At street corners and markets, the efficacy of these ‘’medicines’’ is openly advertised, and local folks are falling victims largely because they consider the hospitals extremely expensive and cumbersome. Even when a patient has visited the hospital, some relatives may advise him to go native as ‘’this is beyond hospital’’. The unrelenting fight of native doctors for the people’s minds and money is one of the major causes of deaths in the population. It is curious that while hospitals are not allowed to advertise, native doctors can tout their efficacies in the most audacious manner.
Two weeks ago, I turned to a good friend, Dr. Ita Udosen, the chief medical director of Alma Clinic & Hospital, and asked him why deaths seem to be so common these days. With over 35 years’ experience in medical practice both in Nigeria and the US, Dr. Udosen has a good sense of earthy humour. He told me: ‘’My experience is that a Nigerian will eagerly spend huge sums of money to repair or overhaul his car, but he is very reluctant to spend on his health. If you suggest to our people to do a comprehensive medical examination, he will tell you ‘Doctor, there is no money’.
But the following day, he will be at his mechanic’s workshop, instructing the mechanic, ‘drop the engine of this car’. How did he get the money to take care of the car, but none to take care of his health’’? Dr. Udosen notes that the government has stepped in by providing the National Health Insurance Scheme managed by the National Health Insurance Authority.
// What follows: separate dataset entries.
text \<open>H_T counts every pair twice, hence the factor 2, which the coefficients 1/(2^r r!) of the
  Gaussian compensate.\<close>

lemma annihilation_H_T:
  assumes B: "orthonormal_cbasis J m e"
  shows "annihilation u (H_T J m e T) = (\<lambda>ws. - 2 * vec1 J (T u) ws)"
proof
  fix ws
  let ?c = "\<lambda>i j. hip J (e i) (T (e j))"
  have "annihilation u (H_T J m e T) ws =
      (\<Sum>i<m. \<Sum>j<m. ?c i j * annihilation u (fwedge (vec1 J (e i)) (vec1 J (e j))) ws)"
    by (simp add: H_T_def annihilation_def)
  also have "\<dots> = (\<Sum>i<m. \<Sum>j<m. ?c i j *
      (hip J u (e i) * vec1 J (e j) ws - vec1 J (e i) ws * hip J u (e j)))"
    by (simp only: annihilation_fwedge_vec1_vec1)
  also have "\<dots> = - 2 * vec1 J (T u) ws"
  proof (cases "length ws = 1")
    case True
    then obtain x where x: "ws = [x]" by (auto simp: length_Suc_conv)
    have "(\<Sum>i<m. \<Sum>j<m. ?c i j * (hip J u (e i) * vec1 J (e j) ws - vec1 J (e i) ws * hip J u (e j))) =
        (\<Sum>i<m. \<Sum>j<m. ?c i j * (hip J u (e i) * hip J x (e j))) -
        (\<Sum>i<m. \<Sum>j<m. ?c i j * (hip J x (e i) * hip J u (e j)))"
      by (simp add: x vec1_def right_diff_distrib sum_subtractf)
    also have "\<dots> = - 2 * hip J x (T u)" by (simp add: sum_sum_hip_T_basis[OF B] hip_T_skew[of u x])
    finally show ?thesis by (simp add: x vec1_def)
  next
    case False
    then show ?thesis by (simp add: vec1_def)
  qed
  finally show "annihilation u (H_T J m e T) ws = - 2 * vec1 J (T u) ws" .
qed

end

section \<open>The Gaussian\<close>

definition gaussian_coeff :: "nat \<Rightarrow> complex" where
  "gaussian_coeff r = complex_of_real (1 / (2 ^ r * fact r))"

lemma gaussian_coeff_Suc: "gaussian_coeff (Suc r) * (2 * of_nat (Suc r)) = gaussian_coeff r"
proof -
  have "1 / (2 ^ Suc r * fact (Suc r)) * (2 * real (Suc r)) = 1 / (2 ^ r * fact r)"
    by (simp del: of_nat_Suc)
  then show ?thesis
    by (metis gaussian_coeff_def of_real_mult of_real_of_nat_eq of_real_numeral)
qed

locale gaussian_setting = skew_antilinear +
  fixes m :: nat and e :: "nat \<Rightarrow> real^'n"
  assumes card: "CARD('n) = 2 * m"
    and basis: "orthonormal_cbasis J m e"
begin

lemma fwedge_pow_H_T_Cons:
  "fwedge_pow (H_T J m e T) (Suc r) (u # ws) =
    - (2 * of_nat (Suc r)) * fwedge (vec1 J (T u)) (fwedge_pow (H_T J m e T) r) ws"
proof -
  have "fwedge_pow (H_T J m e T) (Suc r) (u # ws) =
      of_nat (Suc r) * fwedge (annihilation u (H_T J m e T)) (fwedge_pow (H_T J m e T) r) ws"
    by (rule annihilation_fwedge_pow[OF homogeneous_H_T alternating_H_T])
  also have "fwedge (annihilation u (H_T J m e T)) (fwedge_pow (H_T J m e T) r) ws =
      - 2 * fwedge (vec1 J (T u)) (fwedge_pow (H_T J m e T) r) ws"
    unfolding annihilation_H_T[OF basis] by (rule fwedge_scale_left)
  finally show ?thesis by (simp add: algebra_simps del: of_nat_Suc)
qed

lemma fwedge_pow_H_T_vanishes:
  assumes "m < 2 * r"
  shows "fwedge_pow (H_T J m e T) r ws = 0"
proof (cases "length ws = 2 * r")
  case False
  have "homogeneous (2 * r) (fwedge_pow (H_T J m e T) r)"
    by (rule homogeneous_fwedge_pow[OF homogeneous_H_T])
  with False show ?thesis by (simp add: homogeneous_def)
next
  case True
  obtain r' where r: "r = Suc r'" using assms by (cases r) auto
  show ?thesis
  proof (rule alternating_antilinear_vanishes[OF card alternating_fwedge_pow])
    show "fwedge_pow (H_T J m e T) r ((a + b) # vs) =
        fwedge_pow (H_T J m e T) r (a # vs) + fwedge_pow (H_T J m e T) r (b # vs)" for a b vs
      unfolding r fwedge_pow_H_T_Cons by (simp add: linear_add[OF linear_T] fwedge_vec1_add algebra_simps)
    show "fwedge_pow (H_T J m e T) r ((c *\<^sub>R a) # vs) =
        complex_of_real c * fwedge_pow (H_T J m e T) r (a # vs)" for c a vs
      unfolding r fwedge_pow_H_T_Cons by (simp add: linear_cmul[OF linear_T] fwedge_vec1_scaleR)
    show "fwedge_pow (H_T J m e T) r (J a # vs) = - \<i> * fwedge_pow (H_T J m e T) r (a # vs)" for a vs
      unfolding r fwedge_pow_H_T_Cons using fwedge_vec1_scaleR[of "-1" "J (T a)"]
      by (simp add: T_J fwedge_vec1_J)
    show "m < length ws" using True assms by simp
  qed
qed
Nigerians, he said, should embrace this by taking out Health Insurance for their families.
With so many people living under so much severe and stressful conditions, preventive medicine has a lot to do to prevent sudden deaths. But how do we cope when incomes are hardly enough to take care of the family? How can our governments step in?
I remember also other friends like Akanimo Edet, Efremfon Bassey and Ata Etuk who recently passed away. My heart goes out to the families they left behind and may their souls rest in peace.